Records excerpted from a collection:

□ □ □ □ □

text \<open>The change s~_0 = s_0 - q^(-1/2) (1 - q) of the first moment is exactly compensated by the
  two alternating q-binomial sums.\<close>
lemma st_orthogonal_0:
  assumes "0 < n"
  shows "(\<Sum>j\<le>n. st_coeff n j * mom_st q j) = 0"
proof -
  have c0: "st_coeff n 0 = 1" using q_pos q_less_1 by (simp add: st_coeff_def qpoch_def)
  have "(\<Sum>j\<le>n. st_coeff n j * mom_st q j)
      = (\<Sum>j\<le>n. st_coeff n j * mom_s q j) + st_coeff n 0 * (mom_st q 0 - mom_s q 0)"
  proof -
    have "(\<Sum>j\<le>n. st_coeff n j * mom_st q j)
        = (\<Sum>j\<le>n. st_coeff n j * mom_s q j + (if j = 0 then st_coeff n 0 * (mom_st q 0 - mom_s q 0) else 0))"
      by (intro sum.cong refl) (auto simp: mom_st_def algebra_simps)
    then show ?thesis by (simp add: sum.distrib)
  qed
  also have "(\<Sum>j\<le>n. st_coeff n j * mom_s q j)
      = q powr (-1/2) * ((\<Sum>k\<le>n. (-1) ^ k * qtri k * qbinom q n k)
        - (\<Sum>k\<le>n. (-1) ^ k * qtri k * (qbinom q (Suc n) (Suc k) * (1 - q ^ k))))"
  proof -
    have "(\<Sum>j\<le>n. st_coeff n j * mom_s q j) = (\<Sum>k\<le>n. q powr (-1/2)
        * ((-1) ^ k * qtri k * (qbinom q n k - qbinom q (Suc n) (Suc k) * (1 - q ^ k))))"
      by (intro sum.cong refl) (simp add: st_coeff_mult_mom_s_same)
    then show ?thesis by (simp add: sum_distrib_left sum_subtractf algebra_simps sum.distrib)
  qed
  also have "\<dots> = q powr (-1/2) * (1 - q)"
    using alternating_qbinom_sum[OF assms] alternating_qbinom_Suc_sum[OF assms] by simp
  finally show ?thesis using c0 by (simp add: mom_st_def mom_s_def algebra_simps)
qed

lemma st_orthogonal: "i < k \<Longrightarrow> (\<Sum>j\<le>k. st_coeff k j * mom_st q (i + j)) = 0"
proof (cases i)
  case (Suc m)
  then show "i < k \<Longrightarrow> ?thesis" using st_orthogonal_Suc[of m k] by simp
qed (simp add: st_orthogonal_0)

□ □ □ □ □

Brief: All entries must be given again exactly.

Expected answer:
text \<open>The change s~_0 = s_0 - q^(-1/2) (1 - q) of the first moment is exactly compensated by the
  two alternating q-binomial sums.\<close>
lemma st_orthogonal_0:
  assumes "0 < n"
  shows "(\<Sum>j\<le>n. st_coeff n j * mom_st q j) = 0"
proof -
  have c0: "st_coeff n 0 = 1" using q_pos q_less_1 by (simp add: st_coeff_def qpoch_def)
  have "(\<Sum>j\<le>n. st_coeff n j * mom_st q j)
      = (\<Sum>j\<le>n. st_coeff n j * mom_s q j) + st_coeff n 0 * (mom_st q 0 - mom_s q 0)"
  proof -
    have "(\<Sum>j\<le>n. st_coeff n j * mom_st q j)
        = (\<Sum>j\<le>n. st_coeff n j * mom_s q j + (if j = 0 then st_coeff n 0 * (mom_st q 0 - mom_s q 0) else 0))"
      by (intro sum.cong refl) (auto simp: mom_st_def algebra_simps)
    then show ?thesis by (simp add: sum.distrib)
  qed
  also have "(\<Sum>j\<le>n. st_coeff n j * mom_s q j)
      = q powr (-1/2) * ((\<Sum>k\<le>n. (-1) ^ k * qtri k * qbinom q n k)
        - (\<Sum>k\<le>n. (-1) ^ k * qtri k * (qbinom q (Suc n) (Suc k) * (1 - q ^ k))))"
  proof -
    have "(\<Sum>j\<le>n. st_coeff n j * mom_s q j) = (\<Sum>k\<le>n. q powr (-1/2)
        * ((-1) ^ k * qtri k * (qbinom q n k - qbinom q (Suc n) (Suc k) * (1 - q ^ k))))"
      by (intro sum.cong refl) (simp add: st_coeff_mult_mom_s_same)
    then show ?thesis by (simp add: sum_distrib_left sum_subtractf algebra_simps sum.distrib)
  qed
  also have "\<dots> = q powr (-1/2) * (1 - q)"
    using alternating_qbinom_sum[OF assms] alternating_qbinom_Suc_sum[OF assms] by simp
  finally show ?thesis using c0 by (simp add: mom_st_def mom_s_def algebra_simps)
qed

lemma st_orthogonal: "i < k \<Longrightarrow> (\<Sum>j\<le>k. st_coeff k j * mom_st q (i + j)) = 0"
proof (cases i)
  case (Suc m)
  then show "i < k \<Longrightarrow> ?thesis" using st_orthogonal_Suc[of m k] by simp
qed (simp add: st_orthogonal_0)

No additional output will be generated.